Copy (and download if needed) this example parser program from:

~cop4020p/fall08/examples/

Compile and execute:

javac Parser.java
java Parser

Give the output of the program when you type 2*(1+3)/x; and explain why this expression is accepted by the parser by drawing the parse tree. Give the output of the program when you type 2x+1; and explain why it is not accepted. At what point in the program does the parser fail?

Extend the parser program to include syntax checking of function calls with one argument, given by the new production for <factor>:
```
<factor> -> '(' <expr> ')'
          | '-' <factor>
          | identifier '(' <expr> ')'
          | identifier
          | number
```
Test your implementation with 2*f(1+a);. Also draw the parse tree of 2*f(1+a);.
Extend the parser to include syntax checking of the exponentiation operator ^, so that expressions like -a^2 and -(a^b)^(c*d)^(e+f) can be parsed.
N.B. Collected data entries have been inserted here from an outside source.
text \<open>The key dynamical fact: if h moves points upwards and fixes d, and x < d lies in the
  interval support of h, then the orbit of any u in that support increases to the upper end of
  the support, which lies in (x,d]; so the orbit eventually enters the gap (x,d).\<close>
lemma orbit_enters_gap:
  fixes h :: "real \<Rightarrow> real"
  assumes S: "is_interval S" and cont: "continuous_on S h" and maps: "h ` S \<subseteq> S"
    and inj: "inj_on h S" and up: "\<forall>a\<in>S. a \<le> h a" and I: "is_interval (supp_on S h)"
    and d: "d \<in> S" "h d = d" and x: "x \<in> supp_on S h" "x < d" and u: "u \<in> supp_on S h"
  shows "\<exists>k. x < (h ^^ k) u \<and> (h ^^ k) u < d"
proof -
  define s where "s k = (h ^^ k) u" for k
  have s_supp: "s k \<in> supp_on S h" for k unfolding s_def by (rule supp_on_funpow[OF maps inj u])
  have s_S: "s k \<in> S" for k using s_supp[of k] by (simp add: supp_on_def)
  have s_below: "s k < d" for k by (rule supp_on_below_fixed_point[OF I d x s_supp])
  have uS: "u \<in> S" using u by (simp add: supp_on_def)
  have inc: "incseq s" unfolding s_def by (rule incseq_orbit[OF maps up uS])
  have bdd: "bdd_above (range s)" using s_below by (intro bdd_aboveI[of _ d]) (auto intro: less_imp_le)
  define q where "q = (SUP k. s k)"
  have lim: "s \<longlonglongrightarrow> q" unfolding q_def by (rule LIMSEQ_incseq_SUP[OF bdd inc])
  have uq: "u \<le> q" using cSUP_upper[OF _ bdd, of 0] by (simp add: q_def s_def)
  have qd: "q \<le> d" unfolding q_def by (rule cSUP_least) (use s_below less_imp_le in auto)
  have qS: "q \<in> S" using S uS d(1) uq qd unfolding is_interval_1 by blast
  \<comment> \<open>the limit of the orbit is a fixed point of h, hence lies outside its support\<close>
  have "(\<lambda>k. h (s k)) \<longlonglongrightarrow> h q"
    using continuous_on_tendsto_compose[OF cont lim qS] s_S by auto
  moreover have "(\<lambda>k. h (s k)) \<longlonglongrightarrow> q" using LIMSEQ_Suc[OF lim] by (simp add: s_def)
  ultimately have "h q = q" using LIMSEQ_unique by blast
  then have "q \<notin> supp_on S h" by (simp add: supp_on_def)
  then have "x < q" using I u x(1) uq unfolding is_interval_1 by (meson not_le)
  then have "\<forall>\<^sub>F k in sequentially. x < s k" by (rule order_tendstoD(1)[OF lim])
  then obtain k where "x < s k" by (auto simp: eventually_sequentially)
  then show ?thesis using s_below unfolding s_def by blast
qed

lemma supp_on_commuting:
  assumes fmaps: "f ` S \<subseteq> S" and finj: "inj_on f S" and hmaps: "h ` S \<subseteq> S"
    and comm: "\<forall>a\<in>S. h (f a) = f (h a)" and x: "x \<in> supp_on S h"
  shows "f x \<in> supp_on S h"
proof -
  have xS: "x \<in> S" and "h x \<noteq> x" using x by (auto simp: supp_on_def)
  then have "f (h x) \<noteq> f x" using finj hmaps by (metis image_subset_iff inj_onD)
  then show ?thesis using comm xS fmaps by (auto simp: supp_on_def)
qed

text \<open>If f commutes with an upward-moving h fixing d, then starting from any x < d in the
  support of h one finds y in [x,d) with f y in (x,d): iterate h on x and on f x simultaneously.\<close>
lemma approximation_below_fixed_point:
  fixes h f :: "real \<Rightarrow> real"
  assumes S: "is_interval S" and cont: "continuous_on S h" and maps: "h ` S \<subseteq> S"
    and inj: "inj_on h S" and up: "\<forall>a\<in>S. a \<le> h a" and I: "is_interval (supp_on S h)"
    and fmaps: "f ` S \<subseteq> S" and finj: "inj_on f S" and comm: "\<forall>a\<in>S. h (f a) = f (h a)"
    and d: "d \<in> S" "h d = d" and x: "x \<in> supp_on S h" "x < d"
  shows "\<exists>y. x \<le> y \<and> y < d \<and> x < f y \<and> f y < d"
proof -
  have xS: "x \<in> S" using x by (simp add: supp_on_def)
  have "f x \<in> supp_on S h" by (rule supp_on_commuting[OF fmaps finj maps comm x(1)])
  then obtain k where k: "x < (h ^^ k) (f x)" "(h ^^ k) (f x) < d"
    using orbit_enters_gap[OF S cont maps inj up I d x] by blast
  let ?y = "(h ^^ k) x"
  have "x \<le> ?y" using incseq_orbit[OF maps up xS] by (metis funpow_0 incseq_def zero_le)
  moreover have "?y < d"
    by (rule supp_on_below_fixed_point[OF I d x supp_on_funpow[OF maps inj x(1)]])
  moreover have "f ?y = (h ^^ k) (f x)" by (rule funpow_commute_on[OF maps comm xS])
  ultimately show ?thesis using k by auto
qed

text \<open>Conjugation by the reflection a |-> -a turns downward-moving maps into upward-moving ones.\<close>
definition reflect :: "(real \<Rightarrow> real) \<Rightarrow> real \<Rightarrow> real" where
  "reflect h a = - h (- a)"

lemma supp_on_reflect: "supp_on (uminus ` S) (reflect h) = uminus ` supp_on S h"
  by (force simp: supp_on_def reflect_def)

lemma continuous_on_reflect:
  assumes "continuous_on S h"
  shows "continuous_on (uminus ` S) (reflect h)"
  unfolding reflect_def
  by (intro continuous_on_minus continuous_on_compose2[OF assms] continuous_intros) auto

lemma approximation_above_fixed_point:
  fixes h f :: "real \<Rightarrow> real"
  assumes S: "is_interval S" and cont: "continuous_on S h" and maps: "h ` S \<subseteq> S"
    and inj: "inj_on h S" and down: "\<forall>a\<in>S. h a \<le> a" and I: "is_interval (supp_on S h)"
    and fmaps: "f ` S \<subseteq> S" and finj: "inj_on f S" and comm: "\<forall>a\<in>S. h (f a) = f (h a)"
    and d: "d \<in> S" "h d = d" and x: "x \<in> supp_on S h" "d < x"
  shows "\<exists>y. d < y \<and> y \<le> x \<and> d < f y \<and> f y < x"
proof -
  let ?S = "uminus ` S"
  have "\<exists>y. - x \<le> y \<and> y < - d \<and> - x < reflect f y \<and> reflect f y < - d"
  proof (rule approximation_below_fixed_point[of ?S "reflect h"])
    show "is_interval ?S" using S by simp
    show "continuous_on ?S (reflect h)" by (rule continuous_on_reflect[OF cont])
    show "reflect h ` ?S \<subseteq> ?S" "reflect f ` ?S \<subseteq> ?S"
      using maps fmaps by (auto simp: reflect_def)
    show "inj_on (reflect h) ?S" "inj_on (reflect f) ?S"
      using inj finj by (auto simp: reflect_def inj_on_def)
    show "\<forall>a\<in>?S. a \<le> reflect h a" using down by (auto simp: reflect_def)
    show "is_interval (supp_on ?S (reflect h))" using I by (simp add: supp_on_reflect)
    show "\<forall>a\<in>?S. reflect h (reflect f a) = reflect f (reflect h a)"
      using comm by (auto simp: reflect_def)
    show "- d \<in> ?S" "reflect h (- d) = - d" using d by (auto simp: reflect_def)
    show "- x \<in> supp_on ?S (reflect h)" using x by (simp add: supp_on_reflect)
    show "- x < - d" using x by simp
  qed
  then obtain y where "- x \<le> y" "y < - d" "- x < reflect f y" "reflect f y < - d" by blast
  then show ?thesis by (intro exI[of _ "- y"]) (auto simp: reflect_def)
qed

text \<open>If a homeomorphism z of S commutes with f, then f is continuous at a as soon as it is
  continuous at z a, because f = g o f o z on S for the inverse g of z.\<close>
lemma continuous_within_conjugate:
  fixes f z g :: "'a::metric_space \<Rightarrow> 'a"
  assumes homeo: "homeomorphism S S z g" and fmaps: "f ` S \<subseteq> S"
    and comm: "\<forall>a\<in>S. z (f a) = f (z a)" and a: "a \<in> S"
    and cont: "continuous (at (z a) within S) f"
  shows "continuous (at a within S) f"
proof -
  have zS: "z ` S = S" by (rule homeomorphism_image1[OF homeo])
  have cz: "continuous (at a within S) z"
    using homeomorphism_cont1[OF homeo] a by (simp add: continuous_on_eq_continuous_within)
  have "f (z a) \<in> S" using fmaps zS a by blast
  then have cg: "continuous (at (f (z a)) within S) g"
    using homeomorphism_cont2[OF homeo] by (simp add: continuous_on_eq_continuous_within)
  have "continuous (at a within S) (f \<circ> z)"
    by (rule continuous_within_compose[OF cz]) (simp add: zS cont)
  moreover have "(f \<circ> z) ` S \<subseteq> S" using fmaps zS by fastforce
  then have "continuous (at ((f \<circ> z) a) within (f \<circ> z) ` S) g"
    using continuous_within_subset[OF cg] by simp
  ultimately have "continuous (at a within S) (g \<circ> (f \<circ> z))"
    by (rule continuous_within_compose)
  moreover have "(g \<circ> (f \<circ> z)) a' = f a'" if "a' \<in> S" for a'
    using comm homeomorphism_apply1[OF homeo] fmaps that by (metis comp_apply image_subset_iff)
  ultimately show ?thesis using continuous_transform_within[where x=a and s=S and \<delta>=1 and g=f] a by auto
qed

text \<open>An injective map moving points upwards fixes every point of a finite invariant set: it
  permutes the set, so the nonnegative displacements sum to zero.\<close>
lemma finite_invariant_set_fixed:
  fixes h :: "real \<Rightarrow> real"
  assumes fin: "finite D" and inv: "h ` D \<subseteq> D" and inj: "inj_on h D"
    and up: "\<forall>a\<in>D. a \<le> h a" and d: "d \<in> D"
  shows "h d = d"
proof -
  have "(\<Sum>a\<in>D. h a) = (\<Sum>a\<in>h ` D. a)" by (simp add: sum.reindex[OF inj])
  also have "\<dots> = (\<Sum>a\<in>D. a)" using endo_inj_surj[OF fin inv inj] by simp
  finally have "(\<Sum>a\<in>D. h a - a) = 0" by (simp add: sum_subtractf)
  moreover have "(\<Sum>a\<in>D. h a - a) = 0 \<longleftrightarrow> (\<forall>a\<in>D. h a - a = 0)"
    by (rule sum_nonneg_eq_0_iff[OF fin]) (use up in auto)
  ultimately have "\<forall>a\<in>D. h a - a = 0" by blast
  then show ?thesis using d by simp
qed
Note that exponentation is right associative and has the highest precedence, even higher than unary minus, so -a^2 is evaluated by evaluating a^2 first. To implemented this, you must add a <power> nonterminal and also change the production of <factor> so that the parse tree of -a^2 is:
```
    <factor>
     /    \
    -   <power>
        /  |  \
       a   ^   <power>
                 |
                 2
```

Turn in this assignment as a working Java program named "Parser4.java", using the submit script "pr4submit.sh". Your answers for the non-programming questions should be inserted in the documentation at the top of your file. Use plain text to draw the trees as required.